FLATZER WAND – die “kleine Schwester” der Hohen Wand
11. Juni 2020 von Bernhard Baumgartner
Die Hohe Wand ist ja ein allseits bekanntes Ausflugs- und Wanderziel, gehört aber nicht zu den von mir bevorzugten Touren (weil eher überlaufen, zum nicht praktizierten Klettern interessanter usw.). Ganz anders verhält es sich mit der FLATZER WAND, und wenn wir über diese Tour berichten, heißt es meistens: “Wo ist denn das?”

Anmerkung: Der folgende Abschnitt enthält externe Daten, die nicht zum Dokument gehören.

lemma kspan_mono: "S \<subseteq> T \<Longrightarrow> kspan act S \<subseteq> kspan act T"
  unfolding kspan_def by blast

lemma kspan_least:
  assumes "S \<subseteq> M" "0 \<in> M" "\<And>x y. x \<in> M \<Longrightarrow> y \<in> M \<Longrightarrow> x + y \<in> M"
    and "\<And>c x. x \<in> M \<Longrightarrow> act c x \<in> M"
  shows "kspan act S \<subseteq> M"
proof
  fix x assume "x \<in> kspan act S"
  then obtain m c v where v: "\<forall>t<(m::nat). v t \<in> S" and x: "x = (\<Sum>t<m. act (c t) (v t))"
    by (rule kspanE)
  have "(\<Sum>t\<in>T. act (c t) (v t)) \<in> M" if "T \<subseteq> {..<m}" for T
    using that by (induction T rule: infinite_finite_induct) (use assms v in auto)
  then show "x \<in> M" unfolding x by blast
qed

locale scalar_action =
  fixes act :: "'k::comm_ring_1 \<Rightarrow> 'a::ring_1 \<Rightarrow> 'a"
  assumes act_add: "act c (x + y) = act c x + act c y"
    and act_add_scalar: "act (c + d) x = act c x + act d x"
    and act_mult_scalar: "act (c * d) x = act c (act d x)"
    and act_one [simp]: "act 1 x = x"
begin

lemma act_zero [simp]: "act c 0 = 0"
  using act_add[of c 0 0] by simp

lemma act_zero_scalar [simp]: "act 0 x = 0"
  using act_add_scalar[of 0 0 x] by simp

lemma act_minus_one: "act (- 1) x = - x"
  using act_add_scalar[of "- 1" 1 x] by (simp add: add_eq_0_iff2)

lemma act_uminus: "act c (- x) = - act c x"
  using act_add[of c x "- x"] by (simp add: add_eq_0_iff)

lemma act_diff: "act c (x - y) = act c x - act c y"
  using act_add[of c x "- y"] by (simp add: act_uminus)

lemma act_sum: "act c (\<Sum>t\<in>T. f t) = (\<Sum>t\<in>T. act c (f t))"
  by (induction T rule: infinite_finite_induct) (simp_all add: act_add)

lemma kspan_base: "x \<in> S \<Longrightarrow> x \<in> kspan act S"
  by (rule kspanI[where m = 1 and v = "\<lambda>_. x" and c = "\<lambda>_. 1"]) simp_all

lemma kspan_act:
  assumes "x \<in> kspan act S"
  shows "act c x \<in> kspan act S"
proof -
  obtain m d v where v: "\<forall>t<(m::nat). v t \<in> S" and x: "x = (\<Sum>t<m. act (d t) (v t))"
    using assms by (rule kspanE)
  have "act c x = (\<Sum>t<m. act c (act (d t) (v t)))"
    unfolding x by (rule act_sum)
  also have "\<dots> = (\<Sum>t<m. act (c * d t) (v t))"
    by (simp only: act_mult_scalar)
  finally have "act c x = (\<Sum>t<m. act (c * d t) (v t))" .
  with v show ?thesis by (rule kspanI)
qed

lemma kspan_uminus: "x \<in> kspan act S \<Longrightarrow> - x \<in> kspan act S"
  using kspan_act[of x S "- 1"] by (simp add: act_minus_one)

lemma kspan_diff: "x \<in> kspan act S \<Longrightarrow> y \<in> kspan act S \<Longrightarrow> x - y \<in> kspan act S"
  unfolding diff_conv_add_uminus by (intro kspan_add kspan_uminus)

lemma kspan_half:
  fixes h :: 'k
  assumes "2 * h = 1" "x + x \<in> kspan act S"
  shows "x \<in> kspan act S"
proof -
  have "act h (x + x) = act (h + h) x" by (simp only: act_add act_add_scalar)
  also have "h + h = 1" using assms(1) by (simp add: mult_2[symmetric])
  finally show ?thesis using kspan_act[OF assms(2), of h] by simp
qed

end

definition mat_act :: "('k \<Rightarrow> 'r \<Rightarrow> 'r) \<Rightarrow> 'k \<Rightarrow> 'r mat \<Rightarrow> 'r mat" where
  "mat_act sm c X = (\<lambda>i j. sm c (X i j))"

lemma mspan_eq_kspan: "mspan sm S = kspan (mat_act sm) S"
  by (auto simp: mspan_def kspan_def mat_act_def sum_fun_apply fun_eq_iff)

section \<open>The parity involution \<open>\<rho>\<close>\<close>

locale superalgebra =
  fixes sm :: "'k::comm_ring_1 \<Rightarrow> 'r::ring_1 \<Rightarrow> 'r" and R0 R1 :: "'r set"
  assumes superalg: "superalg sm R0 R1"
begin

lemma two_invertible: "\<exists>h::'k. 2 * h = 1"
  using superalg unfolding superalg_def by blast

sublocale scalar_action sm
  by unfold_locales (use superalg in \<open>simp_all add: superalg_def\<close>)

sublocale mat: scalar_action "mat_act sm"
  by unfold_locales (simp_all add: mat_act_def fun_eq_iff act_add act_add_scalar act_mult_scalar)

lemma R0_zero [simp]: "0 \<in> R0"
  and R1_zero [simp]: "0 \<in> R1"
  and R0_add: "a \<in> R0 \<Longrightarrow> b \<in> R0 \<Longrightarrow> a + b \<in> R0"
  and R1_add: "a \<in> R1 \<Longrightarrow> b \<in> R1 \<Longrightarrow> a + b \<in> R1"
  and R0_sm: "a \<in> R0 \<Longrightarrow> sm c a \<in> R0"
  and R1_sm: "a \<in> R1 \<Longrightarrow> sm c a \<in> R1"
  using superalg unfolding superalg_def by simp_all

lemma R0_Int_R1: "R0 \<inter> R1 = {0}"
  and R0_R1_decomp: "\<exists>a0\<in>R0. \<exists>a1\<in>R1. a = a0 + a1"
  and R0_one [simp]: "1 \<in> R0"
  and R0_mult_R0: "a \<in> R0 \<Longrightarrow> b \<in> R0 \<Longrightarrow> a * b \<in> R0"
  and R0_mult_R1: "a \<in> R0 \<Longrightarrow> b \<in> R1 \<Longrightarrow> a * b \<in> R1"
  and R1_mult_R0: "a \<in> R1 \<Longrightarrow> b \<in> R0 \<Longrightarrow> a * b \<in> R1"
  and R1_mult_R1: "a \<in> R1 \<Longrightarrow> b \<in> R1 \<Longrightarrow> a * b \<in> R0"
  using superalg unfolding superalg_def by simp_all

lemma R0_uminus: "a \<in> R0 \<Longrightarrow> - a \<in> R0"
  using R0_sm[of a "- 1"] by (simp add: act_minus_one)

lemma R1_uminus: "a \<in> R1 \<Longrightarrow> - a \<in> R1"
  using R1_sm[of a "- 1"] by (simp add: act_minus_one)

“Die kleine Schwester der Hohen Wand” stimmt eigentlich nicht, denn die Flatzer Wand mit dem Gösing ist die südliche Fortsetzung der Fischauer Berge nahe von Neunkirchen und Ternitz. Sie bildet zusammen mit dem Siedingtal den Naturpark Stixenstein. Entdeckt habe ich die Flatzer Wand durch einen Führer über Klettereien und Höhlenbegehungen, der mir zufällig untergekommen ist (vielleicht beim Hintermayer als Schnäppchen?). Jedenfalls hat mich dieser Berg wie magisch angezogen, und inzwischen war ich schon mehrmals (trotz der für mich nicht gerade kurzen Anfahrt) dort, sicher einmal mit Anni und auch für eine botanische Exkursion mit Karl Oswald. Die Beschreibungen sind dann in zwei Bücher eingegangen:
Die kurzen Klettersteige waren gerade wie für uns angepasst – der etwas zackige Jubiläumssteig mit seinen Edelstahlleitern, der Fürststeig durch ein Felsentor näher an der Neunkirchner Hütte der Naturfreunde, und einmal habe ich mich weit rechts gehalten und bin über einen markierten ungesicherten Steig hinaufgekraxelt. Der Abstieg war wie vorgezeichnet immer über Flatzer Anger – Gösing – Schönbühel zurück nach Flatz. Bei der ersten Bildreihe (von Dias eingescannt) habe ich schon die schönste Erinnerung festgehalten – allerdings ohne die phänomenale Aurikelblüte auf den südwestseitigen Felsvorsprüngen des Gösing, die tollste Entdeckung war beim Schneebergbankerl ein kleiner Standort des ganz seltenen Jacquin-Wundklee, auch Dinarischer Berg-Wundklee (was auf seine Heimat hindeutet / Anthyllis montana subsp. jacquinii). Bei einer Exkursion auf der Perchtoldsdorfer Heide (Naturschutzbund) gezeigt worden, von hier vielleicht gar nicht bekannt!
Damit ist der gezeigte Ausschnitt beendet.